Given all the doom and gloom headlines about Sears Holding Corporation, you might be surprised to hear that the company turned a profit last quarter. Until you realize that the only reason Sears didn’t lose money is because it sold its once-beloved Craftsman tool brand to Stanley Black & Decker.
That transaction will bring in around $900 million, and the buyer made an initial cash payment to Sears Holdings of $525 million. Without the Craftsman sale, the company would have posted a loss of $222 million in the first quarter of 2017, the company announced today during a pre-recorded earnings call [PDF transcript].
The last time that this happened, Sears Holdings had a profitable quarter because it sold a substantial amount of real estate to the Seritage real estate investment trust, a venture that’s able to rent out former Sears and Kmart buildings for more than four times the rent that Sears Holdings was paying.
Chief Financial Officer Rob Riecker also noted that the company reduced the value of its inventory from $5 billion to $3.7 billion by closing stores and, as he put it, “efforts to tightly manage our inventory.”
He did not mention that part of the reason that inventory is tighter is that some suppliers are holding back on selling to Sears Holdings, worried that the retailer is at increased risk of bankruptcy in the near future.

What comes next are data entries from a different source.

(* Let $n\ge 4$, $a>1$, and $f_a(z)=\frac{a}{n+1}z^{n+1}-\frac1n z^{-n}+\frac{1}{n+1}\overline{z}^{\,n+1}-\frac{a}{n}\overline{z}^{\,-n}-1$ on $\mathbb{C}\setminus\{0\}$. Let $\Gamma$ be the unit circle and suppose $f_a$ has no zeros on $\Gamma$. Let $W_{f_a,\Gamma}=\frac{1}{2\pi}\Delta_\Gamma\arg f_a(z)$ be the winding number of $f_a(\Gamma)$ about the origin ($\Gamma$ traversed counterclockwise). Then the total number $T_a$ of zeros of $f_a$ in $\mathbb{C}\setminus\{0\}$ is $$T_a=2\big(n-W_{f_a,\Gamma}\big)+1.$$
   Context: $f_a$ is a complex-valued harmonic function with a single pole at $0$; its critical curve is the unit circle, with $f_a$ sense-reversing inside and sense-preserving outside. *)

theory Defs
  imports "HOL-Complex_Analysis.Complex_Analysis"
begin

definition f_a :: "nat \<Rightarrow> real \<Rightarrow> complex \<Rightarrow> complex" where
  "f_a n a z =
     complex_of_real a / of_nat (n + 1) * z ^ (n + 1)
   - 1 / of_nat n * inverse (z ^ n)
   + 1 / of_nat (n + 1) * cnj z ^ (n + 1)
   - complex_of_real a / of_nat n * inverse (cnj z ^ n)
   - 1"

end

theory Submission
  imports Defs
begin

text \<open>
  For \<open>a > 1\<close> we have \<open>f\<^sub>a = a \<phi> + cnj \<phi> - 1\<close> with \<open>\<phi> z = z^(n+1)/(n+1) - 1/(n cnj(z)^n)\<close>, so
  the zeros of \<open>f\<^sub>a\<close> are the solutions of \<open>\<phi> z = c\<close> with \<open>c = 1/(a+1)\<close>, and \<open>Im f\<^sub>a = (a-1) Im \<phi>\<close>.

  On the upper unit semicircle \<open>Im \<phi>(e^(it))\<close> has zeros \<open>0 = \<tau>\<^sub>0 < \<dots> < \<tau>\<^sub>n = \<pi>\<close> and alternates
  in sign between them, so \<open>f\<^sub>a(e^(it))\<close> runs alternately through the lower and the upper half
  plane. Each such arc adds \<open>\<plusminus>(e\<^sub>j\<^sub>+\<^sub>1 - e\<^sub>j)/2\<close> to the winding number, where
  \<open>e\<^sub>j = [Re \<phi>(e^(i\<tau>\<^sub>j)) < c]\<close>, and the symmetry \<open>f\<^sub>a(cnj z) = cnj (f\<^sub>a z)\<close> doubles the
  contribution of the upper semicircle. As \<open>e\<^sub>j = 1\<close> for even \<open>j\<close>, this gives
  \<open>W = n - 2 \<Sum>\<^bsub>j odd\<^esub> e\<^sub>j - [n odd] e\<^sub>n\<close>.

  On the positive axis \<open>\<phi>\<close> is increasing and has exactly one \<open>c\<close>-point; on the negative axis
  there are \<open>2 e\<^sub>n\<close> of them for odd \<open>n\<close> and none for even \<open>n\<close>. In the upper half plane
  \<open>\<phi>(e^(r+it)) = c\<close> forces \<open>sin (nt) < 0\<close> and \<open>sin ((n+1)t) < 0\<close>, i.e. \<open>t\<close> lies in an interval
  \<open>(j\<pi>/n, (j+1)\<pi>/(n+1))\<close> with odd \<open>j\<close>; it determines \<open>r\<close> and leaves a level-set equation for a
  function of \<open>t\<close> that tends to \<open>\<infinity>\<close> at both ends of the interval and decreases, then increases,
  with its minimum at \<open>\<tau>\<^sub>j\<close>. This gives \<open>2 e\<^sub>j\<close> solutions, mirrored in the lower half plane,
  so the total is \<open>1 + 2 [n odd] e\<^sub>n + 4 \<Sum>\<^bsub>j odd\<^esub> e\<^sub>j = 2(n - W) + 1\<close>.
\<close>

section \<open>Winding numbers of paths that cross the real axis\<close>

lemma winding_number_eq_continuous_log:
  assumes p: "path p" and L: "continuous_on (path_image p) L"
    and exp_L: "\<And>w. w \<in> path_image p \<Longrightarrow> exp (L w) = w"
  shows "winding_number p 0 = (L (pathfinish p) - L (pathstart p)) / (2 * of_real pi * \<i>)"
proof -
  have "path (L \<circ> p)"
    using p L continuous_on_compose[of "{0..1}" p L] by (simp add: path_def path_image_def)
  have "winding_number p 0 = winding_number (exp \<circ> (L \<circ> p)) 0"
    by (rule winding_number_cong) (simp add: exp_L path_image_def)
  also have "\<dots> = (L (pathfinish p) - L (pathstart p)) / (2 * of_real pi * \<i>)"
    using winding_number_compose_exp[OF \<open>path (L \<circ> p)\<close>] by (simp add: pathstart_def pathfinish_def)
  finally show ?thesis .
qed

lemma Re_winding_number_upper_half_plane:
  assumes p: "path p" and im: "path_image p \<subseteq> {w. Im w \<ge> 0} - {0}"
    and "Im (pathstart p) = 0" "Im (pathfinish p) = 0"
  shows "Re (winding_number p 0) =
    (of_bool (Re (pathfinish p) < 0) - of_bool (Re (pathstart p) < 0)) / 2"
proof -
  \<comment> \<open>a continuous logarithm on the closed upper half plane, real on the positive axis\<close>
  define L where "L w = Ln (-\<i> * w) + \<i> * pi / 2" for w
  have slit: "-\<i> * w \<notin> \<real>\<^sub>\<le>\<^sub>0" if "w \<in> path_image p" for w
    using im that by (auto simp: complex_nonpos_Reals_iff complex_eq_iff)
  have "continuous_on (path_image p) L"
    unfolding L_def using slit by (intro continuous_intros) auto
  moreover have "exp (L w) = w" if "w \<in> path_image p" for w
  proof -
    have "-\<i> * w \<noteq> 0" using slit[OF that] by auto
    moreover have "exp (\<i> * of_real pi / 2) = \<i>"
      using cis_pi_half by (simp add: cis_conv_exp)
    ultimately show ?thesis by (simp add: L_def exp_add mult.commute mult.left_commute)
  qed
  ultimately have W: "winding_number p 0 = (L (pathfinish p) - L (pathstart p)) / (2 * of_real pi * \<i>)"
    by (rule winding_number_eq_continuous_log[OF p])
  have Im_L: "Im (L x) = pi * of_bool (Re x < 0)" if "x \<in> path_image p" "Im x = 0" for x
  proof -
    have x: "x = of_real (Re x)" using that(2) by (simp add: complex_eq_iff)
    have "Re x \<noteq> 0" using that im by (auto simp: complex_eq_iff)
    then show ?thesis
      using Im_Ln_eq_pi_half[of "-\<i> * of_real (Re x)"] by (subst x) (auto simp: L_def)
  qed
  show ?thesis
    unfolding W using Im_L[OF pathstart_in_path_image] Im_L[OF pathfinish_in_path_image] assms(3,4)
    by (simp add: Re_divide field_simps power2_eq_square)
qed

lemma Re_winding_number_lower_half_plane:
  assumes p: "path p" and im: "path_image p \<subseteq> {w. Im w \<le> 0} - {0}"
    and "Im (pathstart p) = 0" "Im (pathfinish p) = 0"
  shows "Re (winding_number p 0) =
    - (of_bool (Re (pathfinish p) < 0) - of_bool (Re (pathstart p) < 0)) / 2"
proof -
  have "path (cnj \<circ> p)"
    using p by (simp add: path_def continuous_on_cnj continuous_on_compose)
  moreover have "path_image (cnj \<circ> p) \<subseteq> {w. Im w \<ge> 0} - {0}"
    using im by (auto simp: path_image_def)
  ultimately have "Re (winding_number (cnj \<circ> p) 0) =
      (of_bool (Re (pathfinish p) < 0) - of_bool (Re (pathstart p) < 0)) / 2"
    using Re_winding_number_upper_half_plane assms(3,4) by (simp add: pathstart_def pathfinish_def)
  moreover have "winding_number (cnj \<circ> p) 0 = - cnj (winding_number p 0)"
    using winding_number_cnj[OF p, of 0] im by auto
  ultimately show ?thesis by simp
qed

lemma Re_winding_number_subpath_half_plane:
  assumes \<gamma>: "path \<gamma>" "0 \<notin> path_image \<gamma>" and ab: "0 \<le> a" "a < b" "b \<le> 1"
    and real: "Im (\<gamma> a) = 0" "Im (\<gamma> b) = 0"
    and sign: "\<And>t. a < t \<Longrightarrow> t < b \<Longrightarrow> (-1) ^ k * Im (\<gamma> t) > 0"
  shows "Re (winding_number (subpath a b \<gamma>) 0) =
    (-1) ^ k * (of_bool (Re (\<gamma> b) < 0) - of_bool (Re (\<gamma> a) < 0)) / 2"
proof -
  have "path_image (subpath a b \<gamma>) \<subseteq> {w. (-1) ^ k * Im w \<ge> 0} - {0}"
  proof
    fix w assume "w \<in> path_image (subpath a b \<gamma>)"
    then obtain t where t: "t \<in> {a..b}" "w = \<gamma> t"
      using ab by (auto simp: path_image_subpath)
    then have "w \<noteq> 0"
      using \<gamma>(2) ab by (auto simp: path_image_def)
    moreover have "(-1) ^ k * Im w \<ge> 0"
      using sign[of t] real t by (cases "t = a \<or> t = b") auto
    ultimately show "w \<in> {w. (-1) ^ k * Im w \<ge> 0} - {0}"
      by simp
  qed
  moreover have "path (subpath a b \<gamma>)"
    using \<gamma> ab by simp
  ultimately show ?thesis
    using real Re_winding_number_upper_half_plane[of "subpath a b \<gamma>"]
      Re_winding_number_lower_half_plane[of "subpath a b \<gamma>"]
    by (cases "even k") auto
qed

lemma Re_winding_number_alternating_crossings:
  fixes \<gamma> :: "real \<Rightarrow> complex" and s :: "nat \<Rightarrow> real"
  assumes \<gamma>: "path \<gamma>" "0 \<notin> path_image \<gamma>" and "s 0 = 0" "s N \<le> 1"
    and s_less: "\<And>j. j < N \<Longrightarrow> s j < s (Suc j)"
    and real_at_s: "\<And>j. j \<le> N \<Longrightarrow> Im (\<gamma> (s j)) = 0"
    and sign: "\<And>j t. j < N \<Longrightarrow> s j < t \<Longrightarrow> t < s (Suc j) \<Longrightarrow> (-1) ^ (j+1) * Im (\<gamma> t) > 0"
  shows "Re (winding_number (subpath 0 (s N) \<gamma>) 0) =
    (\<Sum>j<N. (-1) ^ (j+1) * (of_bool (Re (\<gamma> (s (Suc j))) < 0) - of_bool (Re (\<gamma> (s j)) < 0))) / 2"
proof -
  have s_mono: "s j \<le> s k" if "j \<le> k" "k \<le> N" for j k
    using that
  proof (induction k rule: dec_induct)
    case (step m)
    then show ?case using s_less[of m] by (auto simp: Suc_le_eq)
  qed simp
  have s_01: "s j \<in> {0..1}" if "j \<le> N" for j
  proof -
    have "s 0 \<le> s j" "s j \<le> s N" using s_mono that by auto
    then show ?thesis using assms(3,4) by simp
  qed
  have arc: "Re (winding_number (subpath (s j) (s (Suc j)) \<gamma>) 0) =
      (-1) ^ (j+1) * (of_bool (Re (\<gamma> (s (Suc j))) < 0) - of_bool (Re (\<gamma> (s j)) < 0)) / 2"
    if j: "j < N" for j
    by (rule Re_winding_number_subpath_half_plane[OF \<gamma>])
      (use s_01[of j] s_01[of "Suc j"] s_less[OF j] real_at_s[of j] real_at_s[of "Suc j"] sign[OF j] j
        in \<open>auto simp del: power_Suc\<close>)
  have "Re (winding_number (subpath 0 (s m) \<gamma>) 0) =
    (\<Sum>j<m. (-1) ^ (j+1) * (of_bool (Re (\<gamma> (s (Suc j))) < 0) - of_bool (Re (\<gamma> (s j)) < 0))) / 2"
    if "m \<le> N" for m
    using that
  proof (induction m)
    case 0
    have "\<gamma> 0 \<noteq> 0" using \<gamma>(2) pathstart_in_path_image[of \<gamma>] by (auto simp: pathstart_def)
    then show ?case using assms(3) by simp
  next
    case (Suc m)
    have "winding_number (subpath 0 (s (Suc m)) \<gamma>) 0 =
        winding_number (subpath 0 (s m) \<gamma>) 0 + winding_number (subpath (s m) (s (Suc m)) \<gamma>) 0"
      using winding_number_subpath_combine[OF \<gamma>] s_01 Suc.prems assms(3) by simp
    then show ?case
      using Suc arc[of m] by (simp add: add_divide_distrib del: power_Suc)
  qed
  then show ?thesis by simp
qed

Chairman and CEO Eddie Lampert blames suppliers’ fears on media reports of the actual state of the company, claiming that vendors are taking advantage of “dire predictions” about the company to get better terms and break contracts.

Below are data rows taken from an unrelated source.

lemma beta_eq_Church_Rosser: "beta_eq s t \<Longrightarrow> \<exists>v. beta\<^sup>*\<^sup>* s v \<and> beta\<^sup>*\<^sup>* t v"
  unfolding beta_eq_def
proof (induct rule: equivclp_induct)
  case (step y z)
  then obtain v where v: "beta\<^sup>*\<^sup>* s v" "beta\<^sup>*\<^sup>* y v" by blast
  from \<open>beta y z \<or> beta z y\<close> show ?case
  proof
    assume "beta y z"
    from beta_confluent [OF v(2) r_into_rtranclp [of beta, OF this]]
    obtain w where "beta\<^sup>*\<^sup>* v w" "beta\<^sup>*\<^sup>* z w" by blast
    with v show ?thesis by (blast intro: rtranclp_trans)
  next
    assume "beta z y"
    with v show ?thesis by (blast intro: converse_rtranclp_into_rtranclp)
  qed
qed blast

section \<open>Weak head reduction and standardization\<close>

inductive wh :: "dB \<Rightarrow> dB \<Rightarrow> bool" where
  wbeta: "wh (App (Abs s) t) (subst s t 0)"
| wapp: "wh s s' \<Longrightarrow> wh (App s t) (App s' t)"

inductive_cases wh_cases: "wh (Abs s) t" "wh (Var i) t"

lemma rtrancl_wh_imp_rtrancl_beta: "wh\<^sup>*\<^sup>* s t \<Longrightarrow> beta\<^sup>*\<^sup>* s t"
proof (induct rule: rtranclp.induct)
  case (rtrancl_into_rtrancl a b c)
  from \<open>wh b c\<close> have "beta b c" by (induct rule: wh.induct) auto
  with rtrancl_into_rtrancl show ?case by (auto intro: rtranclp.rtrancl_into_rtrancl)
qed simp

lemma wh_imp_hred: "wh s t \<Longrightarrow> hred s = Some t"
proof (induct rule: wh.induct)
  case (wapp s s' t)
  then show ?case by (cases s) (auto elim: wh_cases)
qed simp

lemma wh_lift: "wh s t \<Longrightarrow> wh (lift s k) (lift t k)"
  by (induct arbitrary: k rule: wh.induct) (simp_all add: wh.intros)

lemma wh_subst: "wh s t \<Longrightarrow> wh (subst s u k) (subst t u k)"
  by (induct arbitrary: u k rule: wh.induct) (simp_all add: wh.intros subst_subst_0)

lemma rtrancl_wh_lift: "wh\<^sup>*\<^sup>* s t \<Longrightarrow> wh\<^sup>*\<^sup>* (lift s k) (lift t k)"
  by (induct rule: rtranclp.induct) (auto intro: rtranclp.rtrancl_into_rtrancl wh_lift)

lemma rtrancl_wh_subst: "wh\<^sup>*\<^sup>* s t \<Longrightarrow> wh\<^sup>*\<^sup>* (subst s u k) (subst t u k)"
  by (induct rule: rtranclp.induct) (auto intro: rtranclp.rtrancl_into_rtrancl wh_subst)

lemma rtrancl_wh_AppL: "wh\<^sup>*\<^sup>* s s' \<Longrightarrow> wh\<^sup>*\<^sup>* (App s t) (App s' t)"
  by (induct rule: rtranclp.induct) (auto intro: rtranclp.rtrancl_into_rtrancl wh.wapp)

inductive std :: "dB \<Rightarrow> dB \<Rightarrow> bool" where
  std_Var: "wh\<^sup>*\<^sup>* M (Var n) \<Longrightarrow> std M (Var n)"
| std_App: "wh\<^sup>*\<^sup>* M (App M1 M2) \<Longrightarrow> std M1 N1 \<Longrightarrow> std M2 N2 \<Longrightarrow> std M (App N1 N2)"
| std_Abs: "wh\<^sup>*\<^sup>* M (Abs M1) \<Longrightarrow> std M1 N1 \<Longrightarrow> std M (Abs N1)"

inductive_cases std_cases: "std M (Var n)" "std M (App N1 N2)" "std M (Abs N1)"

lemma std_refl: "std M M"
  by (induct M) (auto intro: std.intros)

That tighter management of inventory confused some Kmart employees, who didn’t believe what their own bosses were telling them and dished to Business Insider that they suspected their stores were about to close after “warehouse purges” began.
Keeping less merchandise on hand seems to be working in some stores, but works less well when the retailer keeps a store open while landlord Seritage is “recapturing” store space to lease to another business that will pay more.
The company is pinning its hopes on extracting more value from its proprietary brands, which could mean licensing them, selling them in more places, or expansions like Kenmore televisions and DieHard tires and branded auto repair centers.
At the same time, competitors see that Sears is vulnerable, and JCPenney is trying to steal some of the home services market and sell major appliances as Sears shrinks. Home Depot is doing the same.
Manifesto-writing CEO Lampert, for his part, keeps pinning his hopes on the Shop Your Way Rewards program. This quarter, he’s bragging to investors about the growth of the company’s new VIP program. Members can reach VIP status after spending $800 in a calendar year, which includes spending on cards linked to the Shop Your Way account, the Shop Your Way Citi card that used to be a Sears store credit card, rides booked through Uber, and any shopping at former Sears Holdings businesses like Lands’ End.
“We remain focused on driving the growth of our Shop Your Way ecosystem and are pleased with the traction we gained with our VIP membership base, which more than doubled in the last year,” Lampert said in a statement distributed with the quarterly results.